• TASK ITEM
Nothing but the lines below between the line holding "i = \<bar>cov" and the line holding "B\<bar> + tuple_moment", inclusive, should appear in the answer, each set down exactly.

• Saved data entries
== Segment start ==
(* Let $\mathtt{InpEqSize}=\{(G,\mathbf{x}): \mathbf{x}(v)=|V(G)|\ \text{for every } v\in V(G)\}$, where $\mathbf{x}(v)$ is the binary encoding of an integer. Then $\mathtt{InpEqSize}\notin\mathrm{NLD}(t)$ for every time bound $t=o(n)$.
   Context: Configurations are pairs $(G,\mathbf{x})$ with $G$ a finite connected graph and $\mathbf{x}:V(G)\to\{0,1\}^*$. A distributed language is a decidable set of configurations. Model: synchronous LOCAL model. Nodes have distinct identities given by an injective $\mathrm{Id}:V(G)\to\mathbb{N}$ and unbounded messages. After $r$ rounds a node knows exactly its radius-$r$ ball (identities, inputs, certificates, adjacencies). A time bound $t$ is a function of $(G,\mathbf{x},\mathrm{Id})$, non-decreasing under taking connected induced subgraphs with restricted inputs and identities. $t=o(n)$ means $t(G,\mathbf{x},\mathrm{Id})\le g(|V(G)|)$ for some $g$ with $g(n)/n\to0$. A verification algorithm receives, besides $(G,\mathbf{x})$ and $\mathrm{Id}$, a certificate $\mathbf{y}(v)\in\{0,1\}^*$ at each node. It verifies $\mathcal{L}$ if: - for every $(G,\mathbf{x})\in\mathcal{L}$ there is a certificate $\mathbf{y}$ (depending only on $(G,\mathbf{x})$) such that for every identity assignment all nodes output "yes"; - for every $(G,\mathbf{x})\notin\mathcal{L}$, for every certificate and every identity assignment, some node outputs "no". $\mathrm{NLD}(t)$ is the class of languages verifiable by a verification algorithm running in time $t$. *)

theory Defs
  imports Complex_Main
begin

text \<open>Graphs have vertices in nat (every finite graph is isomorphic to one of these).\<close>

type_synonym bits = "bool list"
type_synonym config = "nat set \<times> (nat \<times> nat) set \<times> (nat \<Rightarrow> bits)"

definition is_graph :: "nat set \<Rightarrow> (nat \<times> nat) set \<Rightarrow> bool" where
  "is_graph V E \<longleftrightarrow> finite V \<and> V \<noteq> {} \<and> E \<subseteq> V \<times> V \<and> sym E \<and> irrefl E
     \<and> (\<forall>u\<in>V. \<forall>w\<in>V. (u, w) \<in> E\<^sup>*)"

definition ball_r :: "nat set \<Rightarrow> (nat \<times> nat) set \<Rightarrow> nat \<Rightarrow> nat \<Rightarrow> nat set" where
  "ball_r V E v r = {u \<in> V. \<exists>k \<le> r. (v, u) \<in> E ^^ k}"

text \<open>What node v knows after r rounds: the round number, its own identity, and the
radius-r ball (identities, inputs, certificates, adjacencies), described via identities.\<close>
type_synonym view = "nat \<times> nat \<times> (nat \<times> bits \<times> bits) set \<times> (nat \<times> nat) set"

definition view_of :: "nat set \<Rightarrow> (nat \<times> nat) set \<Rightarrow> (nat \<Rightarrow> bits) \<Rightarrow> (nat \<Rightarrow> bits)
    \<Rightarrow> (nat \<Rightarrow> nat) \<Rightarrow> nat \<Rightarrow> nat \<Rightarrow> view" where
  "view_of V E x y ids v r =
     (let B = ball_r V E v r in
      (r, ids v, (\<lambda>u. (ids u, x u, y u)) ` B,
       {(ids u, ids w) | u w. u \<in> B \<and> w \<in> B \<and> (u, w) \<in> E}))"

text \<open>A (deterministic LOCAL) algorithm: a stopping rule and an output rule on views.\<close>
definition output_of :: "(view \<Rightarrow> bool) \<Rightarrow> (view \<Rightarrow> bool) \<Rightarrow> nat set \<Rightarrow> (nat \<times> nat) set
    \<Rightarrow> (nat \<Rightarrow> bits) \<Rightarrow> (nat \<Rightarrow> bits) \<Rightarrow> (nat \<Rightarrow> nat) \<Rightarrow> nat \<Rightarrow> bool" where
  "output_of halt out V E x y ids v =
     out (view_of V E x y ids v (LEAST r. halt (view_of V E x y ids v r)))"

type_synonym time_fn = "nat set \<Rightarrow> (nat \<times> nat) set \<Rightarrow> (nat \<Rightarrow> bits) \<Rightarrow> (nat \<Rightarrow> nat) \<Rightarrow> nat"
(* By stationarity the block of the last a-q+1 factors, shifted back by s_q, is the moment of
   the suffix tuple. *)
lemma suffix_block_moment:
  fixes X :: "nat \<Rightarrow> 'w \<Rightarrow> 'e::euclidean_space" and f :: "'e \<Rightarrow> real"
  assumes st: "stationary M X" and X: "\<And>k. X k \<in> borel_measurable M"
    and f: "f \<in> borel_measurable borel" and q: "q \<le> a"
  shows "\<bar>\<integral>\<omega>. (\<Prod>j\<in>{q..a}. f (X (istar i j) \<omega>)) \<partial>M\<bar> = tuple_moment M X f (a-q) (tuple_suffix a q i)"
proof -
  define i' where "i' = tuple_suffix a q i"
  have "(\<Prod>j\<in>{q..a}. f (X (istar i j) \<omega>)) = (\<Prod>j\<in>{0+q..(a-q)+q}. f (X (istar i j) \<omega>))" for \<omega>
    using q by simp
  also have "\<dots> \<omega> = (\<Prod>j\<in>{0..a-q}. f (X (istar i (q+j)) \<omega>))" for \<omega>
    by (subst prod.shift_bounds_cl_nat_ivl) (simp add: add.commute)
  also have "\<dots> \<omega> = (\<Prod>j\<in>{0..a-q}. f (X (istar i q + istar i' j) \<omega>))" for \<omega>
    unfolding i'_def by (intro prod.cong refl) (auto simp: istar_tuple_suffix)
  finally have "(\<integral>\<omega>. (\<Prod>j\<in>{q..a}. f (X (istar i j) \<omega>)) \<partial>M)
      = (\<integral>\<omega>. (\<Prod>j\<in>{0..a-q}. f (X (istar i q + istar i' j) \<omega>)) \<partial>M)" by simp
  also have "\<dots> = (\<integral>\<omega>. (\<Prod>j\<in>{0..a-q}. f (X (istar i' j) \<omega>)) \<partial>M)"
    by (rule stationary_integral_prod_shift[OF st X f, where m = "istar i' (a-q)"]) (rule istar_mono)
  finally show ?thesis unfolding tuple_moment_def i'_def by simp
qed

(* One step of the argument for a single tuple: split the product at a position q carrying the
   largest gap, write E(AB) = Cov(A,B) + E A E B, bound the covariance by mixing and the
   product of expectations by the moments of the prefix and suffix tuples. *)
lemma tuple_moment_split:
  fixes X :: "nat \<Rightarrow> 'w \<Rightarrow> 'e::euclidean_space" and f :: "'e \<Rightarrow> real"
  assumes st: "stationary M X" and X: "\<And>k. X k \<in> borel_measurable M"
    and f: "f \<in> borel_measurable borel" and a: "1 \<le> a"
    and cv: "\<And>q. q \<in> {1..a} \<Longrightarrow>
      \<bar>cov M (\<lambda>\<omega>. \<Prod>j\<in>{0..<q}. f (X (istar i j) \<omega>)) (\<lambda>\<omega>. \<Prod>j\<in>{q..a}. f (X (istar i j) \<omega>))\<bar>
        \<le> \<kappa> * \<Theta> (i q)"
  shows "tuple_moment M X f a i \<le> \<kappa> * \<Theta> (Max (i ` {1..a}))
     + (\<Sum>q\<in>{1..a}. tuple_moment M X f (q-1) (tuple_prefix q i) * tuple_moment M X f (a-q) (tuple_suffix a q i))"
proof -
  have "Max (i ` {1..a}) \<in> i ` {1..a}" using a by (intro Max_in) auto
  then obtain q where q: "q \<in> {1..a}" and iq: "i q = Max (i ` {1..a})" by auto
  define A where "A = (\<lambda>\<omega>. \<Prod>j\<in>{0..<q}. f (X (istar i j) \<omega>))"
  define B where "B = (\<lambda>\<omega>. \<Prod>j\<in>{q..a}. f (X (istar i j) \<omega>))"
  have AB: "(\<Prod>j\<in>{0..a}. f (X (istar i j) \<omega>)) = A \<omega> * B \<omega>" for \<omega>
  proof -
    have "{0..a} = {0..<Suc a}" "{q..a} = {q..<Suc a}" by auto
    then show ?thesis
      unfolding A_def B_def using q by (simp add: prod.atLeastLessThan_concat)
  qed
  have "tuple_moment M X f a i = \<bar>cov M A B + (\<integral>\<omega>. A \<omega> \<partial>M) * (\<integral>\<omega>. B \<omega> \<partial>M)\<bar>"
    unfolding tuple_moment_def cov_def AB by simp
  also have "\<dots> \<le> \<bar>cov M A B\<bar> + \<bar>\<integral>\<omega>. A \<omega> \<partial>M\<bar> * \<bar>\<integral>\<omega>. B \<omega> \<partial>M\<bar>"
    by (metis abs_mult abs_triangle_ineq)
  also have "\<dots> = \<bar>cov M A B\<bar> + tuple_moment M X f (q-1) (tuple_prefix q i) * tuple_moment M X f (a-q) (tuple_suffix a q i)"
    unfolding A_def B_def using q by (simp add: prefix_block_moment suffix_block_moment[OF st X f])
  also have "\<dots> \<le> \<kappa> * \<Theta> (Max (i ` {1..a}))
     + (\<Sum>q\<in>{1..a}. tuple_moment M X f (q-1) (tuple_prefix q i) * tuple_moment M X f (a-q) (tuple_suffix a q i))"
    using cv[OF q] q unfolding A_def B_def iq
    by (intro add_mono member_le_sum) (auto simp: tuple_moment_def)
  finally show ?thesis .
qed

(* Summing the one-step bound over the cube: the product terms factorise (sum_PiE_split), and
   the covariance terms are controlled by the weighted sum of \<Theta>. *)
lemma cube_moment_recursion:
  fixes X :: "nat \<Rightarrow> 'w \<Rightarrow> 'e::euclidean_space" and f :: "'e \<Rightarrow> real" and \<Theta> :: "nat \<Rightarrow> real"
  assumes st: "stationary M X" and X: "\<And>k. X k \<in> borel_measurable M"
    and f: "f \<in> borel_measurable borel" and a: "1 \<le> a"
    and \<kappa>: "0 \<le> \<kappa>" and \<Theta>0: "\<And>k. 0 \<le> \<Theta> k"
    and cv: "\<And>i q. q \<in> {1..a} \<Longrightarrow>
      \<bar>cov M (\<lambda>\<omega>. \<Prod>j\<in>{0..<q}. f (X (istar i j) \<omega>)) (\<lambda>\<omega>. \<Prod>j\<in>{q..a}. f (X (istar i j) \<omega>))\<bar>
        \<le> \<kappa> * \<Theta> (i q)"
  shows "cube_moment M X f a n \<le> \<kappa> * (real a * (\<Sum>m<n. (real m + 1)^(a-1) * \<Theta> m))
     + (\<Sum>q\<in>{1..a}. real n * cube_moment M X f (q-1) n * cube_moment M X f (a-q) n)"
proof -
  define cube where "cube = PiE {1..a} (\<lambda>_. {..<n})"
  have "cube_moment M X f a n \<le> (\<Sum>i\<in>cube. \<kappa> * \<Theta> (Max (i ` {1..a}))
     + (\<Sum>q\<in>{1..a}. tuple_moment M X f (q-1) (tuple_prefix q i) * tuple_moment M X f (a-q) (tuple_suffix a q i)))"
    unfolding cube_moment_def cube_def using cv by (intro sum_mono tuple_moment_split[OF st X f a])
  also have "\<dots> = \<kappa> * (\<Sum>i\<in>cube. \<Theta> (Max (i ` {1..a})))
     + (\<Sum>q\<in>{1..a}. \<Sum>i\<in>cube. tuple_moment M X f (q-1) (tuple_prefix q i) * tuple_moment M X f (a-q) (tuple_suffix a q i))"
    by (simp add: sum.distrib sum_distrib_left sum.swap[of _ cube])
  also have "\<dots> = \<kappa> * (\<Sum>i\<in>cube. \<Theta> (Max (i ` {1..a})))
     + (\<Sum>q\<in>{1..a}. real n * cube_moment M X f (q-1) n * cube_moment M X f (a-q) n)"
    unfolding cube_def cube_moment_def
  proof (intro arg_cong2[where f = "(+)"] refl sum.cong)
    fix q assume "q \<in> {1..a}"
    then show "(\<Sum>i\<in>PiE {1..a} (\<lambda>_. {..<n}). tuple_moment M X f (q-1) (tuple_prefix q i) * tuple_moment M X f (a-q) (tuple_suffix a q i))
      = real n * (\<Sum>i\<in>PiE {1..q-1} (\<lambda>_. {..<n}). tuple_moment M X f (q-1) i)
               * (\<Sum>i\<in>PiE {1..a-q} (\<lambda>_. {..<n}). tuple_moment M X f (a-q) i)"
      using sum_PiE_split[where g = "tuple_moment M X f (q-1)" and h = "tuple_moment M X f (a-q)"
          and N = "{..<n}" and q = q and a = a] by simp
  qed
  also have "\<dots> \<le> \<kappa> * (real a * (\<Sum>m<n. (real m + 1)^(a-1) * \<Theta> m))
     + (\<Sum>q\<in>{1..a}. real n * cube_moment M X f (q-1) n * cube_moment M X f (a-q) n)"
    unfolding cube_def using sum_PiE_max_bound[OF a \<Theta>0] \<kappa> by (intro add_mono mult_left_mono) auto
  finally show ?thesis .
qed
== Segment end ==
• RESPONSE BOX
  have "tuple_moment M X f a i = \<bar>cov M A B + (\<integral>\<omega>. A \<omega> \<partial>M) * (\<integral>\<omega>. B \<omega> \<partial>M)\<bar>"
    unfolding tuple_moment_def cov_def AB by simp
  also have "\<dots> \<le> \<bar>cov M A B\<bar> + \<bar>\<integral>\<omega>. A \<omega> \<partial>M\<bar> * \<bar>\<integral>\<omega>. B \<omega> \<partial>M\<bar>"
    by (metis abs_mult abs_triangle_ineq)
  also have "\<dots> = \<bar>cov M A B\<bar> + tuple_moment M X f (q-1) (tuple_prefix q i) * tuple_moment M X f (a-q) (tuple_suffix a q i)"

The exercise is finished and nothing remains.